### [What to work on]
What number of lines in the material contain the word "length"? Give that number alone.

### [Information]
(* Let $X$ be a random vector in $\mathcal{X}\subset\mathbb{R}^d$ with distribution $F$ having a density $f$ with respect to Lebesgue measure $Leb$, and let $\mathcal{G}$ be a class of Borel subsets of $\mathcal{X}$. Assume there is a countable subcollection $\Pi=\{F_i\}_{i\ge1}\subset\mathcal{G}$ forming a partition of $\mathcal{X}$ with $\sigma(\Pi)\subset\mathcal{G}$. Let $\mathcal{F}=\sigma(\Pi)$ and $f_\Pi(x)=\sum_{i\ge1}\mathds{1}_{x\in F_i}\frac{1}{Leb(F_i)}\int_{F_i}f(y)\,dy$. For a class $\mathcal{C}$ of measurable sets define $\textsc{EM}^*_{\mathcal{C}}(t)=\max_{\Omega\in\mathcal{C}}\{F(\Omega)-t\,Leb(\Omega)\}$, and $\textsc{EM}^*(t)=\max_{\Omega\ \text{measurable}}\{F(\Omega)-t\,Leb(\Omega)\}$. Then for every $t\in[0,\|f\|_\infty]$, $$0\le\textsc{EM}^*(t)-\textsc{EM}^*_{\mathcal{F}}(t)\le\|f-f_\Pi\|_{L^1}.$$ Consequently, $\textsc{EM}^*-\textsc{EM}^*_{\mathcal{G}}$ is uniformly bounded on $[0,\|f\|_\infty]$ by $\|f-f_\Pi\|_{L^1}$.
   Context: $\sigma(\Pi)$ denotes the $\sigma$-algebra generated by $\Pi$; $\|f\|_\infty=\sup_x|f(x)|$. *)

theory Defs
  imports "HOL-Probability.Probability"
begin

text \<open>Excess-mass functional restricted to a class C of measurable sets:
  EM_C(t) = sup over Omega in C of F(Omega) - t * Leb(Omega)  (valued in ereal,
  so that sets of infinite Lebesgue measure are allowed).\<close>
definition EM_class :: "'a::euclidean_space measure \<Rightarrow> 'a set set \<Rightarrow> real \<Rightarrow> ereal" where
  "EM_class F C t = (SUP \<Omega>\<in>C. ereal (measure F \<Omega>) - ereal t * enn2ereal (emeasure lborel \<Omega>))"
...
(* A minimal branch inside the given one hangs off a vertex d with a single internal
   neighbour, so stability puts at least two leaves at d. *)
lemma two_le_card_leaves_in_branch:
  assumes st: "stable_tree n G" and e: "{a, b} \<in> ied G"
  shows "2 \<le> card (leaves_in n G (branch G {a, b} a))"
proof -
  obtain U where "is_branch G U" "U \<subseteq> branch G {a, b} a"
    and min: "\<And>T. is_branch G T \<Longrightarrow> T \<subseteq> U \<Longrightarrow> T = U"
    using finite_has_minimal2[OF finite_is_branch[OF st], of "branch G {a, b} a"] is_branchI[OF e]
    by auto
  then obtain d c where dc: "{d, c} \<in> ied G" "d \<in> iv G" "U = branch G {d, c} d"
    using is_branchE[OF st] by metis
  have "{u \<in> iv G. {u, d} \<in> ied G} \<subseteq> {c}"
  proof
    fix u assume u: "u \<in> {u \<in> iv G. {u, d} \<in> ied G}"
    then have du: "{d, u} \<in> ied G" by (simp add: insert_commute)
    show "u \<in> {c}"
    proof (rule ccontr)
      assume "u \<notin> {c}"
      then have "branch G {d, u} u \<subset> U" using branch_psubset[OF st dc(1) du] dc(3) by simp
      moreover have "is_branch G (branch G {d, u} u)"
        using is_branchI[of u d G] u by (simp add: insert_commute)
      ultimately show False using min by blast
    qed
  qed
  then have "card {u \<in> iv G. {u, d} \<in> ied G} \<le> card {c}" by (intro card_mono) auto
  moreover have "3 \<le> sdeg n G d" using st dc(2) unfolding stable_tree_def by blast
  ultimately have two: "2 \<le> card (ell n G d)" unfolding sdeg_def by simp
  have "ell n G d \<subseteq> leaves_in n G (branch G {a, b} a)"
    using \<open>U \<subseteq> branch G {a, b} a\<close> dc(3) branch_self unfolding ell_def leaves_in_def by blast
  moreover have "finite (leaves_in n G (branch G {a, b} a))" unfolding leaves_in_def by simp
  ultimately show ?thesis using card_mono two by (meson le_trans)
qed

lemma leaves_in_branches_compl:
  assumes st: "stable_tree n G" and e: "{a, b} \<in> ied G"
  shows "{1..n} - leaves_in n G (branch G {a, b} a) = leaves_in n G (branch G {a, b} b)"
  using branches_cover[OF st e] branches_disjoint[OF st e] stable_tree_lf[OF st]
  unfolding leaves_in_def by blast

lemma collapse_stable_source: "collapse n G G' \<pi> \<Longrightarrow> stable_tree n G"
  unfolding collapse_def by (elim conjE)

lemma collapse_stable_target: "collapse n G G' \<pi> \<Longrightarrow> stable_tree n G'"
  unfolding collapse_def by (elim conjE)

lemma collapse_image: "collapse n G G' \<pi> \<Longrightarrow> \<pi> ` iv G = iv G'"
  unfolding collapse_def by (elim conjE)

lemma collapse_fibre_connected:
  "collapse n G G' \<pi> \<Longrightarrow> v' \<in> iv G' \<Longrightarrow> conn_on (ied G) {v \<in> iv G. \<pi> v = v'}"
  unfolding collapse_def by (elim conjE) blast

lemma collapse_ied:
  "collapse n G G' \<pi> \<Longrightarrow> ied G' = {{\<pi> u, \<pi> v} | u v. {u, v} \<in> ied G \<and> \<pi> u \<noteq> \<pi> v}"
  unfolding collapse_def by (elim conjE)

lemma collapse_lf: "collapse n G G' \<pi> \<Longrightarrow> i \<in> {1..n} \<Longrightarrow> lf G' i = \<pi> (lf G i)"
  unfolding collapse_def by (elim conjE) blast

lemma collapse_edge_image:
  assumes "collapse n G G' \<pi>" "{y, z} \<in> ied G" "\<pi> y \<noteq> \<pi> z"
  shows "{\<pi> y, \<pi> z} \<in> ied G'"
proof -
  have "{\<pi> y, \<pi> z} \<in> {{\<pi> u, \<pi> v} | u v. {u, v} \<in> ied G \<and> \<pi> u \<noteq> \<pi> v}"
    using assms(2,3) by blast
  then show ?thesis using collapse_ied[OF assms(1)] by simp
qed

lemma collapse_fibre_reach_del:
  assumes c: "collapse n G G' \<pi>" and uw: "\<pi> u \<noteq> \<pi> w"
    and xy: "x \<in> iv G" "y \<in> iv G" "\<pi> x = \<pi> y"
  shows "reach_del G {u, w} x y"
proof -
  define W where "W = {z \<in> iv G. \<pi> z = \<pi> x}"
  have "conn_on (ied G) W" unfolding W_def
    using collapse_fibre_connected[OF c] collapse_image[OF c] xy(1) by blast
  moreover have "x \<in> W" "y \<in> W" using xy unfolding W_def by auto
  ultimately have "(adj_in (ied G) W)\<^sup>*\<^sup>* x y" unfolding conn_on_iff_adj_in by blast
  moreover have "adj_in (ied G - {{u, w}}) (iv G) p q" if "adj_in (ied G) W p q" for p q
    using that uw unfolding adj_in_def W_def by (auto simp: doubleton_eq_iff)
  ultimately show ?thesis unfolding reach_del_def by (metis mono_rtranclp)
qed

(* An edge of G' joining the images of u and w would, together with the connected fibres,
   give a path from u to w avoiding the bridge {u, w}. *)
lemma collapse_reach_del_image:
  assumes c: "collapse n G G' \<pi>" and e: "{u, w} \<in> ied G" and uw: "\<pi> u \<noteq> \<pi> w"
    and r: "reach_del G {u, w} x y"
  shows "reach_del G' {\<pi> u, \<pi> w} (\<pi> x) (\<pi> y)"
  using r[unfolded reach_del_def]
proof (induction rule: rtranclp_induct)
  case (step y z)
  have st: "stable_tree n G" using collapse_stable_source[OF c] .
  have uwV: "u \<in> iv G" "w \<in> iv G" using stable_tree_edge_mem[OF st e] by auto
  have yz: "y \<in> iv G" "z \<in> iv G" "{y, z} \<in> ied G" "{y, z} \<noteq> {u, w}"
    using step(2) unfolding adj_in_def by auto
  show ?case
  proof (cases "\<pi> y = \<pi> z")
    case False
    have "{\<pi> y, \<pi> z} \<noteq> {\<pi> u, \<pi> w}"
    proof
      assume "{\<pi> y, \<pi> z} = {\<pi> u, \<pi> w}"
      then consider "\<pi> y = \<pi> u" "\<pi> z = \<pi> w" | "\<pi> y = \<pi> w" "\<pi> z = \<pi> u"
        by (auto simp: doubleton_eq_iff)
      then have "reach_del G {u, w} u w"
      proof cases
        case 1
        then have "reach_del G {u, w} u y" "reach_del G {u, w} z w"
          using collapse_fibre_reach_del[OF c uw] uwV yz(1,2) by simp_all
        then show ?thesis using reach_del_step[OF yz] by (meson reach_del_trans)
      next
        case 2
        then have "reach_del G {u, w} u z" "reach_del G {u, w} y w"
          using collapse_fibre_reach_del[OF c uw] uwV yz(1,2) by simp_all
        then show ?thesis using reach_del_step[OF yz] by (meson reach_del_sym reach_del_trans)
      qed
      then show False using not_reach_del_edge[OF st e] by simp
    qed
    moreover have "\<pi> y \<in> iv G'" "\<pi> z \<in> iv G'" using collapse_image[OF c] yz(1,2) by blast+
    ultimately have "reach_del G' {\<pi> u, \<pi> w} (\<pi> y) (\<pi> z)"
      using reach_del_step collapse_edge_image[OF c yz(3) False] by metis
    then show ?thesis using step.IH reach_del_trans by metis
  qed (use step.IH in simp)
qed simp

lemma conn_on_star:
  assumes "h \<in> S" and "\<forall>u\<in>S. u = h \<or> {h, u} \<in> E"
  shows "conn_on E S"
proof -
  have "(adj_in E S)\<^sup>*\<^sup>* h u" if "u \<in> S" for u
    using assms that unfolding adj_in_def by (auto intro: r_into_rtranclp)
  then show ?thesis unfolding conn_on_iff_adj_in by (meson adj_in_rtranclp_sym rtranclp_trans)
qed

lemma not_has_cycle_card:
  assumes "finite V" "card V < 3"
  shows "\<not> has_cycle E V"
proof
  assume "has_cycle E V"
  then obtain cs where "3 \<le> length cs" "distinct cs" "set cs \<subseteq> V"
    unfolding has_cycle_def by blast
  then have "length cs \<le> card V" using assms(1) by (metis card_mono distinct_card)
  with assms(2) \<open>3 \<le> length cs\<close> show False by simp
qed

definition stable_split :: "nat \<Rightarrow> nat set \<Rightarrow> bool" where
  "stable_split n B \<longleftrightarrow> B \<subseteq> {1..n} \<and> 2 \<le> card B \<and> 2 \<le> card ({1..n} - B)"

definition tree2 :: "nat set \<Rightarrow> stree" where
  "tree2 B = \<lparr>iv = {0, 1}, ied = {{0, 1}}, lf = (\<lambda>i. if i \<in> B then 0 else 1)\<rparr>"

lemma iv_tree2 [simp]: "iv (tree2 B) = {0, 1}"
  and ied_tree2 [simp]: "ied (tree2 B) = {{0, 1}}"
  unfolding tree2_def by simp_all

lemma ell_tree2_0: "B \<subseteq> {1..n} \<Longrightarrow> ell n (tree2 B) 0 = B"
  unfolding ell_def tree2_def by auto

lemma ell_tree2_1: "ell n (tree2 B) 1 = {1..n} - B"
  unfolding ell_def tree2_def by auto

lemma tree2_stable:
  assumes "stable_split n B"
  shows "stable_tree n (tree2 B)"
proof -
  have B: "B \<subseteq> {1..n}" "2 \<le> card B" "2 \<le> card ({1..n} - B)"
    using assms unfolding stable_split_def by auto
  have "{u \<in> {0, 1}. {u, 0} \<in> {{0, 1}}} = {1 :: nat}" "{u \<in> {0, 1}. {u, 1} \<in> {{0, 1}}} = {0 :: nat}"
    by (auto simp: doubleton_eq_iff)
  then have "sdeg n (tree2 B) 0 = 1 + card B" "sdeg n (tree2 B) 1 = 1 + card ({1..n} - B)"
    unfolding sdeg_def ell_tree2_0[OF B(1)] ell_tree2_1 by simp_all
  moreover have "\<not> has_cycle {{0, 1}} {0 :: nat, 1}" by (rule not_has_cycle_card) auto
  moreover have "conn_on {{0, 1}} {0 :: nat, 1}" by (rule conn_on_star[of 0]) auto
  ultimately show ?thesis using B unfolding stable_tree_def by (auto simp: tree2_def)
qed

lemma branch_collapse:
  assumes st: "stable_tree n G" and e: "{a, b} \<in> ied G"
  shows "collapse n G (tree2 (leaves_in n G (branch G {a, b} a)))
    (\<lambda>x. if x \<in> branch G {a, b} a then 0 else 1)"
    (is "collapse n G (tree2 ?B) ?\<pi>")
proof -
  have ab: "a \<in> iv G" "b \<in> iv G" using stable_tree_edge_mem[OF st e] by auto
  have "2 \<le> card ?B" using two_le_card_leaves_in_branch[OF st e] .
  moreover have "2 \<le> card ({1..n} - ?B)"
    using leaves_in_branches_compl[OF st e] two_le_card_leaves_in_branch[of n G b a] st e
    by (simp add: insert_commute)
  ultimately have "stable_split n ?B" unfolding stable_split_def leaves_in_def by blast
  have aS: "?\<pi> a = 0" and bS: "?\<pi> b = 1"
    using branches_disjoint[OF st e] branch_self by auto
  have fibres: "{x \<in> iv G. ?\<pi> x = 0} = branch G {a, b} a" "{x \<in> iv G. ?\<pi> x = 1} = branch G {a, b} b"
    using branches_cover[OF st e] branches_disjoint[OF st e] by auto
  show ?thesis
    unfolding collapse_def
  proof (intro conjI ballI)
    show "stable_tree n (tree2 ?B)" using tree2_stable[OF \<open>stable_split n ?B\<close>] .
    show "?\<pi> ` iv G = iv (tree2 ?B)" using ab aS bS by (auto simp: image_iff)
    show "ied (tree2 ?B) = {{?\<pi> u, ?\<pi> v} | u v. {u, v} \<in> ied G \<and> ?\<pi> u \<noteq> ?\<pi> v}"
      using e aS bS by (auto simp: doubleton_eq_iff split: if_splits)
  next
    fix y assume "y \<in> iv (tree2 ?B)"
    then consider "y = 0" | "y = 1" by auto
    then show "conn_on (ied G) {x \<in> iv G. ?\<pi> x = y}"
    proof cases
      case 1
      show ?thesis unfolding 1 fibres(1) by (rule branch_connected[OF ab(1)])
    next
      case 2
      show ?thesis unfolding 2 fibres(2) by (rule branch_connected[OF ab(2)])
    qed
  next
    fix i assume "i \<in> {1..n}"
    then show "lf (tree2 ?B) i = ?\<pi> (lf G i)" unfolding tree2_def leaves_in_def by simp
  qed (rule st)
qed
...
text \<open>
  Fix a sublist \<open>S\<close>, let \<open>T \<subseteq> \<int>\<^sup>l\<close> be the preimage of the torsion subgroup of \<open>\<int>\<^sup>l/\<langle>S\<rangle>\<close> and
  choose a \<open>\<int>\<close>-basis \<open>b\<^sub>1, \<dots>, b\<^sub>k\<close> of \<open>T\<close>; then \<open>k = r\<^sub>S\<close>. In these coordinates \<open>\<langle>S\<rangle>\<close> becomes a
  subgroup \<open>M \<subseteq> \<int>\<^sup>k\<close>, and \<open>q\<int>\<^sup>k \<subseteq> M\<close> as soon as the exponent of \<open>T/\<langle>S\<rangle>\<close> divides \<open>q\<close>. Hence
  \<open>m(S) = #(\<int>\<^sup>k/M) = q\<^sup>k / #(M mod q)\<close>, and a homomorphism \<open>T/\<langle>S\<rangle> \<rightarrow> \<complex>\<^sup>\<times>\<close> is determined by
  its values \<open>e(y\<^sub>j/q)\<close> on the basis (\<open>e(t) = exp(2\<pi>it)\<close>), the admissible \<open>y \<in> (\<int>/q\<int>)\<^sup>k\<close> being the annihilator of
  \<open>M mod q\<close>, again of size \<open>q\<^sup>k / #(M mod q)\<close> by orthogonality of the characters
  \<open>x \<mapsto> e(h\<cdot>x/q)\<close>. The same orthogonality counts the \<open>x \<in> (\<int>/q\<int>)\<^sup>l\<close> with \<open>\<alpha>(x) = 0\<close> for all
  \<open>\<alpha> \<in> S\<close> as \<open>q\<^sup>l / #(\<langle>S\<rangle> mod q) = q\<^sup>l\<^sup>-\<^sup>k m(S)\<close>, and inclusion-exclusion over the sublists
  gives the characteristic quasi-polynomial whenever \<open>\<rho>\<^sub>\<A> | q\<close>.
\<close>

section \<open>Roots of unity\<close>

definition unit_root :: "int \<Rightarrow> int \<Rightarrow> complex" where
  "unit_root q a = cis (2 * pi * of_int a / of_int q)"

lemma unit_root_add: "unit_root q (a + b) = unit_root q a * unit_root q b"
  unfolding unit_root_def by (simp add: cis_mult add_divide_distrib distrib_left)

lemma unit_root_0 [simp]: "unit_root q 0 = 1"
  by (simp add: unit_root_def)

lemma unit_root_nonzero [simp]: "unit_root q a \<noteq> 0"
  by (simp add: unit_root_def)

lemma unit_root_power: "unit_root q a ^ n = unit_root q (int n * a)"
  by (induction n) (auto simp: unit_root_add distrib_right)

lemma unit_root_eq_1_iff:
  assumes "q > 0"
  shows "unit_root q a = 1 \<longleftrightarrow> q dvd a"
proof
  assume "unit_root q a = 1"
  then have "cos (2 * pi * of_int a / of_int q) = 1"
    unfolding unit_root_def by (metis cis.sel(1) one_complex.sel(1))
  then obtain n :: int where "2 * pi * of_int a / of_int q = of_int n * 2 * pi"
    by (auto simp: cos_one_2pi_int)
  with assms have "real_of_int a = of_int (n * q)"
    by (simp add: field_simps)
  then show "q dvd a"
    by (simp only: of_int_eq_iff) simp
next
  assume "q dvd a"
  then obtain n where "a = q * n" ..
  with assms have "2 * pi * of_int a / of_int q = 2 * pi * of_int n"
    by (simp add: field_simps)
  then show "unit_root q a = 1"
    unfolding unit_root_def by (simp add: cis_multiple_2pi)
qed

### [Written solution]
3